* [Work to be completed] In the records below, find each line holding the word "longleftrightarrow" and copy it.

* [Records supplied]
(* Let $A$ be a C*-algebra and $V$ an Abelian annihilator of $A$. Then (a) $\mathcal{P}_V$ is a Boolean algebra; (b) each Abelian annihilator of $A$ is modular.
   Context: For a C*-algebra $B$ and $S\subseteq B$, $\mathrm{Ann}_B(S)=\{a\in B: as+sa=0\ \forall s\in S\}$, and $\mathcal{P}_B=\{V\subseteq B: V=\mathrm{Ann}_B(\mathrm{Ann}_B(S)) \text{ for some } S\subseteq B_+\}$ (ordered by inclusion) is the set of annihilators of $B$. An annihilator $V\in\mathcal{P}_A$ is Abelian if it is a commutative C*-subalgebra of $A$. For $V\in\mathcal{P}_A$ (a C*-subalgebra), $\mathcal{P}_V$ is the set of annihilators computed inside $V$; $V$ is modular if $\mathcal{P}_V$ is a modular lattice. *)

theory Defs
  imports "HOL-Analysis.Analysis"
begin

class cstar_algebra = banach + real_normed_algebra +
  fixes cscale :: "complex \<Rightarrow> 'a \<Rightarrow> 'a"
    and adj :: "'a \<Rightarrow> 'a"
  assumes cscale_of_real: "cscale (complex_of_real r) x = scaleR r x"
    and cscale_add_left: "cscale (a + b) x = cscale a x + cscale b x"
    and cscale_add_right: "cscale a (x + y) = cscale a x + cscale a y"
    and cscale_cscale: "cscale a (cscale b x) = cscale (a * b) x"
    and cscale_one: "cscale 1 x = x"
    and norm_cscale: "norm (cscale a x) = cmod a * norm x"
    and cscale_mult_left: "cscale a (x * y) = cscale a x * y"
    and cscale_mult_right: "cscale a (x * y) = x * cscale a y"
    and adj_adj: "adj (adj x) = x"
    and adj_add: "adj (x + y) = adj x + adj y"
    and adj_cscale: "adj (cscale a x) = cscale (cnj a) (adj x)"
    and adj_mult: "adj (x * y) = adj y * adj x"
    and cstar_identity: "norm (adj x * x) = (norm x)\<^sup>2"

definition cstar_subalgebra :: "'a::cstar_algebra set \<Rightarrow> bool" where
  "cstar_subalgebra B \<longleftrightarrow>
     0 \<in> B \<and> (\<forall>x\<in>B. \<forall>y\<in>B. x + y \<in> B \<and> x * y \<in> B)
     \<and> (\<forall>a. \<forall>x\<in>B. cscale a x \<in> B) \<and> (\<forall>x\<in>B. adj x \<in> B) \<and> closed B"

text \<open>Positive elements of a C*-subalgebra B: the elements of the form b* b with b in B.\<close>
definition pos_part :: "'a::cstar_algebra set \<Rightarrow> 'a set" where
  "pos_part B = {adj b * b | b. b \<in> B}"

definition Ann :: "'a::cstar_algebra set \<Rightarrow> 'a set \<Rightarrow> 'a set" where
  "Ann B S = {a \<in> B. \<forall>s\<in>S. a * s + s * a = 0}"

definition annihilators :: "'a::cstar_algebra set \<Rightarrow> 'a set set" where
  "annihilators B = {V. \<exists>S. S \<subseteq> pos_part B \<and> V = Ann B (Ann B S)}"

definition abelian_annihilator :: "'a::cstar_algebra set \<Rightarrow> bool" where
  "abelian_annihilator V \<longleftrightarrow> V \<in> annihilators UNIV \<and> cstar_subalgebra V
     \<and> (\<forall>x\<in>V. \<forall>y\<in>V. x * y = y * x)"

definition is_lub_in :: "'b set set \<Rightarrow> 'b set \<Rightarrow> 'b set \<Rightarrow> 'b set \<Rightarrow> bool" where
  "is_lub_in L x y z \<longleftrightarrow> z \<in> L \<and> x \<subseteq> z \<and> y \<subseteq> z \<and> (\<forall>w\<in>L. x \<subseteq> w \<and> y \<subseteq> w \<longrightarrow> z \<subseteq> w)"

definition is_glb_in :: "'b set set \<Rightarrow> 'b set \<Rightarrow> 'b set \<Rightarrow> 'b set \<Rightarrow> bool" where
  "is_glb_in L x y z \<longleftrightarrow> z \<in> L \<and> z \<subseteq> x \<and> z \<subseteq> y \<and> (\<forall>w\<in>L. w \<subseteq> x \<and> w \<subseteq> y \<longrightarrow> w \<subseteq> z)"

definition join_in :: "'b set set \<Rightarrow> 'b set \<Rightarrow> 'b set \<Rightarrow> 'b set" where
  "join_in L x y = (THE z. is_lub_in L x y z)"

definition meet_in :: "'b set set \<Rightarrow> 'b set \<Rightarrow> 'b set \<Rightarrow> 'b set" where
  "meet_in L x y = (THE z. is_glb_in L x y z)"

definition set_lattice :: "'b set set \<Rightarrow> bool" where
  "set_lattice L \<longleftrightarrow> (\<forall>x\<in>L. \<forall>y\<in>L. (\<exists>z. is_lub_in L x y z) \<and> (\<exists>z. is_glb_in L x y z))"

definition modular_lattice :: "'b set set \<Rightarrow> bool" where
  "modular_lattice L \<longleftrightarrow> set_lattice L \<and>
     (\<forall>x\<in>L. \<forall>y\<in>L. \<forall>z\<in>L. x \<subseteq> z \<longrightarrow>
        join_in L x (meet_in L y z) = meet_in L (join_in L x y) z)"

definition boolean_lattice :: "'b set set \<Rightarrow> bool" where
  "boolean_lattice L \<longleftrightarrow> set_lattice L \<and>
     (\<exists>bot\<in>L. \<exists>top\<in>L. (\<forall>x\<in>L. bot \<subseteq> x \<and> x \<subseteq> top) \<and>
        (\<forall>x\<in>L. \<exists>y\<in>L. join_in L x y = top \<and> meet_in L x y = bot)) \<and>
     (\<forall>x\<in>L. \<forall>y\<in>L. \<forall>z\<in>L.
        meet_in L x (join_in L y z) = join_in L (meet_in L x y) (meet_in L x z))"

end

theory Submission
  imports Defs
begin

text \<open>In a commutative *-subalgebra V of a C*-algebra the C*-identity makes V reduced
(x * x = 0 forces x = 0), and commutativity turns the anticommutator condition of Ann into
a * s = 0. Annihilators are then ideals fixed by the double annihilator; meets are
intersections and joins are double annihilators of unions. Reducedness gives
A \<inter> Ann V A = {0}, so Ann V A complements A, and distributivity follows since
w * u is square-zero whenever w lies in X \<inter> (Y \<squnion> Z) and u annihilates
(X \<inter> Y) \<union> (X \<inter> Z). A Boolean algebra is in particular modular.\<close>

lemma join_in_eqI: "is_lub_in L x y z \<Longrightarrow> join_in L x y = z"
  unfolding join_in_def by (rule the_equality) (auto simp: is_lub_in_def)

lemma meet_in_eqI: "is_glb_in L x y z \<Longrightarrow> meet_in L x y = z"
  unfolding meet_in_def by (rule the_equality) (auto simp: is_glb_in_def)

lemma is_glb_in_meet_in:
  assumes "set_lattice L" "x \<in> L" "y \<in> L"
  shows "is_glb_in L x y (meet_in L x y)"
proof -
  obtain z where "is_glb_in L x y z" using assms unfolding set_lattice_def by blast
  then show ?thesis by (simp add: meet_in_eqI)
qed

lemma meet_in_commute:
  assumes "set_lattice L" "x \<in> L" "y \<in> L"
  shows "meet_in L x y = meet_in L y x"
  using is_glb_in_meet_in[OF assms] by (intro meet_in_eqI[symmetric]) (auto simp: is_glb_in_def)

lemma meet_in_absorb:
  assumes "x \<in> L" "x \<subseteq> z"
  shows "meet_in L z x = x"
  using assms by (intro meet_in_eqI) (auto simp: is_glb_in_def)

lemma modular_lattice_if_distrib:
  assumes lat: "set_lattice L"
    and distrib: "\<And>x y z. x \<in> L \<Longrightarrow> y \<in> L \<Longrightarrow> z \<in> L \<Longrightarrow>
      meet_in L x (join_in L y z) = join_in L (meet_in L x y) (meet_in L x z)"
  shows "modular_lattice L"
  unfolding modular_lattice_def
proof (intro conjI ballI impI lat)
  fix x y z assume L: "x \<in> L" "y \<in> L" "z \<in> L" and "x \<subseteq> z"
  have xy: "join_in L x y \<in> L"
    using L lat unfolding set_lattice_def by (metis is_lub_in_def join_in_eqI)
  have "meet_in L (join_in L x y) z = meet_in L z (join_in L x y)"
    using lat xy L by (simp add: meet_in_commute)
  also have "\<dots> = join_in L (meet_in L z x) (meet_in L z y)"
    using distrib L by blast
  also have "\<dots> = join_in L x (meet_in L y z)"
    using \<open>x \<subseteq> z\<close> L lat by (simp add: meet_in_absorb meet_in_commute)
  finally show "join_in L x (meet_in L y z) = meet_in L (join_in L x y) z" ..
qed

lemma modular_lattice_if_boolean_lattice: "boolean_lattice L \<Longrightarrow> modular_lattice L"
  unfolding boolean_lattice_def by (intro modular_lattice_if_distrib) simp_all

lemma double_eq_zero_imp_eq_zero: "(y::'a::real_vector) + y = 0 \<Longrightarrow> y = 0"
  by (metis scaleR_2 scaleR_eq_0_iff zero_neq_numeral)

* [Your response]
  "cstar_subalgebra B \<longleftrightarrow>
  "abelian_annihilator V \<longleftrightarrow> V \<in> annihilators UNIV \<and> cstar_subalgebra V
  "is_lub_in L x y z \<longleftrightarrow> z \<in> L \<and> x \<subseteq> z \<and> y \<subseteq> z \<and> (\<forall>w\<in>L. x \<subseteq> w \<and> y \<subseteq> w \<longrightarrow> z \<subseteq> w)"
  "is_glb_in L x y z \<longleftrightarrow> z \<in> L \<and> z \<subseteq> x \<and> z \<subseteq> y \<and> (\<forall>w\<in>L. w \<subseteq> x \<and> w \<subseteq> y \<longrightarrow> w \<subseteq> z)"
  "set_lattice L \<longleftrightarrow> (\<forall>x\<in>L. \<forall>y\<in>L. (\<exists>z. is_lub_in L x y z) \<and> (\<exists>z. is_glb_in L x y z))"
  "modular_lattice L \<longleftrightarrow> set_lattice L \<and>
  "boolean_lattice L \<longleftrightarrow> set_lattice L \<and>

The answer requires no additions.